Even after the introduction of welding the shear strake was still rivited due to the high stress concentration and the naval architetcs of the day did still not Have confident in welds . 
I had an emergency docking of an old dredger into the Pictou shipyard in Nova Scotia ( she was all rivited ) . The Pictou yard incidentally during the war set the record for tons of ship produced per man per day . They built Victory vesssels ( all welded ) 
The Dredger had caught her bucket on one of the seams and ripped it apart . Divers plugged her with matresses etc while we cleared the slip to recieve her . The repair was simple enough except there were no riviters ( we would have had to go to the graveyard to dig them up ! ) Also there were no " Huck bolts readilly available ( they are like a rivit except they are fastened bye a hydraulic jack insted of using the contraction of the rivit as it cools to effect the joint . We eneded up in doing a full weld repair which was difficult when it came to mating the new plate with the rivited connection as they were not flush as you suggest but being lapped reqired some forging of the new plate to marry the shape .
The real skill however was not so much in the hull which only saw about 15 PSI ( for a 30 ft draft vessel ) of water pressure but in the skill of the boilermakers who ( in the case of Scotch boilers ) had the same lapped connections to deal with but for a woking pressure of around 250 PSI which meant a test pressure of 2 times that ie 500 PSI. I have some interesting recollections re boilers if anyone is interested . 
Derek


----------



## bigjimslade (May 19, 2020)

I know this topic is a bit old but I am looking for information on the approach to welding in U.S. warships up to about 1943. My current sense of the state of welding leaves me puzzled at what as I see in plans.

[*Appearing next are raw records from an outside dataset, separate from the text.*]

lemma code_differ_iff:
  assumes i: "i < k" and uv: "u \<in> V i" "v \<in> V i" "u \<noteq> v"
  shows "(\<forall>t<L+m. code i u ! t \<noteq> code i v ! t) \<longleftrightarrow> (\<forall>t<L. \<psi> i u ! t \<noteq> \<psi> i v ! t)"
proof
  assume differ: "\<forall>t<L. \<psi> i u ! t \<noteq> \<psi> i v ! t"
  then have colours: "\<psi> i u ! 0 \<noteq> \<psi> i v ! 0"
    using L_pos by blast
  have tags: "tag i u ! s \<noteq> tag i v ! s" if s: "s < m" for s
  proof -
    consider "u = g" | "v = g" | "u \<noteq> g" "v \<noteq> g"
      by blast
    then show ?thesis
    proof cases
      case 1
      then show ?thesis
        using s uv(3) index_code_nonzero[OF s, of i] by (simp add: tag_def)
    next
      case 2
      then show ?thesis
        using s uv(3) index_code_nonzero[OF s, of i] by (simp add: tag_def)
    next
      case 3
      then have "tag i u = index_code m i (\<psi> i u ! 0)" "tag i v = index_code m i (\<psi> i v ! 0)"
        by (simp_all add: tag_def)
      with index_code_colours_differ[OF colour_less_2[OF i uv(1)] colour_less_2[OF i uv(2)] colours s]
      show ?thesis
        by simp
    qed
  qed
  show "\<forall>t<L+m. code i u ! t \<noteq> code i v ! t"
  proof (intro allI impI)
    fix t assume "t < L + m"
    then show "code i u ! t \<noteq> code i v ! t"
      using differ tags[of "t - L"]
      by (cases "t < L") (simp_all add: nth_code[OF i uv(1)] nth_code[OF i uv(2)])
  qed
next
  assume differ: "\<forall>t<L+m. code i u ! t \<noteq> code i v ! t"
  show "\<forall>t<L. \<psi> i u ! t \<noteq> \<psi> i v ! t"
  proof (intro allI impI)
    fix t assume "t < L"
    then show "\<psi> i u ! t \<noteq> \<psi> i v ! t"
      using differ[rule_format, of t] by (simp add: nth_code[OF i uv(1)] nth_code[OF i uv(2)])
  qed
qed

lemma code_different_components:
  assumes ij: "i < k" "j < k" "i \<noteq> j" and uv: "u \<in> V i" "v \<in> V j" "u \<noteq> g" "v \<noteq> g"
  shows "(\<exists>t<L+m. code i u ! t = code j v ! t) \<and> (\<exists>t<L+m. code i u ! t \<noteq> code j v ! t)"
proof -
  let ?c = "\<psi> i u ! 0" and ?c' = "\<psi> j v ! 0"
  obtain t where t: "t < m" "index_code m i ?c ! t = index_code m j ?c' ! t \<longleftrightarrow> ?c \<noteq> ?c'"
    using index_code_indices_differ[of i m j ?c ?c'] ij k_le colour_less_2 uv by auto
  have first: "code i u ! 0 = ?c" "code j v ! 0 = ?c'"
    using L_pos nth_code ij uv by simp_all
  have tagged: "code i u ! (L + t) = index_code m i ?c ! t" "code j v ! (L + t) = index_code m j ?c' ! t"
    using nth_code ij uv unfolding tag_def by simp_all
  have bounds: "0 < L + m" "L + t < L + m"
    using L_pos t(1) by simp_all
  show ?thesis
  proof (cases "?c = ?c'")
    case True
    then have "code i u ! 0 = code j v ! 0" "code i u ! (L + t) \<noteq> code j v ! (L + t)"
      using first tagged t(2) by simp_all
    then show ?thesis
      using bounds by blast
  next
    case False
    then have "code i u ! (L + t) = code j v ! (L + t)" "code i u ! 0 \<noteq> code j v ! 0"
      using first tagged t(2) by simp_all
    then show ?thesis
      using bounds by blast
  qed
qed

lemma encoding_glued: "encoding (\<Union>i<k. V i) (\<Union>i<k. E i) (L + m) glued"
  unfolding encoding_def
proof (intro conjI ballI impI)
  fix v assume "v \<in> (\<Union>i<k. V i)"
  then show "length (glued v) = L + m"
    using glued_eq length_code by auto
next
  have "({u, v} \<in> (\<Union>i<k. E i) \<longleftrightarrow> (\<forall>t<L+m. glued u ! t \<noteq> glued v ! t)) \<and> glued u \<noteq> glued v"
    if uv: "u \<in> (\<Union>i<k. V i)" "v \<in> (\<Union>i<k. V i)" "u \<noteq> v" for u v
  proof (cases "\<exists>i<k. u \<in> V i \<and> v \<in> V i")
    case True
    then obtain i where i: "i < k" "u \<in> V i" "v \<in> V i"
      by blast
    have "{u, v} \<in> (\<Union>i<k. E i) \<longleftrightarrow> {u, v} \<in> E i"
      using edge_in_component i uv(3) by blast
    also have "\<dots> \<longleftrightarrow> (\<forall>t<L. \<psi> i u ! t \<noteq> \<psi> i v ! t)"
      using enc[OF i(1)] i uv(3) unfolding encoding_def by blast
    also have "\<dots> \<longleftrightarrow> (\<forall>t<L+m. glued u ! t \<noteq> glued v ! t)"
      using code_differ_iff[OF i uv(3)] glued_eq i by simp
    finally show ?thesis
      using enc[OF i(1)] i uv(3) glued_eq unfolding encoding_def inj_on_def code_def by auto
  next
    case False
    then obtain i j where ij: "i < k" "j < k" "i \<noteq> j" "u \<in> V i" "v \<in> V j" "u \<noteq> g" "v \<noteq> g"
      using uv(1,2) base_mem by blast
    then show ?thesis
      using code_different_components[OF ij] edge_imp_common_component False glued_eq by metis
  qed
  then show "inj_on glued (\<Union>i<k. V i)"
    and "\<And>u v. u \<in> (\<Union>i<k. V i) \<Longrightarrow> v \<in> (\<Union>i<k. V i) \<Longrightarrow> u \<noteq> v \<Longrightarrow>
           {u, v} \<in> (\<Union>i<k. E i) \<longleftrightarrow> (\<forall>t<L+m. glued u ! t \<noteq> glued v ! t)"
    unfolding inj_on_def by blast+
qed

lemma well_begun_encoding_glued:
  "well_begun_encoding (\<Union>i<k. V i) (\<Union>i<k. E i) (L + m) glued"
proof -
  have "proper_colouring (\<Union>i<k. V i) (\<Union>i<k. E i) (\<lambda>v. glued v ! 0) 2"
    using simple_graph_UN[of "{..<k}" V E] simple encoding_glued L_pos glued_nth_0 colour_less_2
    by (intro encoding_proper_colouring[where l = "L + m"]) auto
  then have "chromatic_number (V i) (E i) \<le> chromatic_number (\<Union>i<k. V i) (\<Union>i<k. E i)" if "i < k" for i
    using that by (intro chromatic_number_subgraph_le) auto
  then have "glued v ! 0 < chromatic_number (\<Union>i<k. V i) (\<Union>i<k. E i)" if "i < k" "v \<in> V i" for i v
    using glued_nth_0[OF that] colour_less[OF that] that(1) by (metis less_le_trans)
  then show ?thesis
    unfolding well_begun_encoding_def using encoding_glued L_pos by blast
qed

end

In this era US Warships tended to have an odd mix of welding and riveting. Hull plating tended to be riveted except along the bottom where they were butt welded. I can imagine that this was done out of concern of making the shell too stiff.

In the same ship one can find welds where, instead of a butt weld, a scalloped seamstrap was welded to both sides of the joint similar to the way that would be used for riveting. In angle joints, one can frequently find two scalloped plates being welded over the joint—where the second adds nothing to the strength of the joint. Such an approach is more labor intensive, less strong, and adds weight (a critical factor when trying to comply with treaty limitations) compared to directly welding plates together.

The latter might be explained by a lack of trust in welding during this time. But this theory is undermined by the routine use of butt joints in the shell.

I am wondering if the different approaches were simply the result of different designers for different parts of a ship or whether there was some do***entation saying what should be done in different cir***stances.

By 1943, riveting had largely disappears in U.S. warship construction, which was probably driven by the speed a which welding could be done.


----------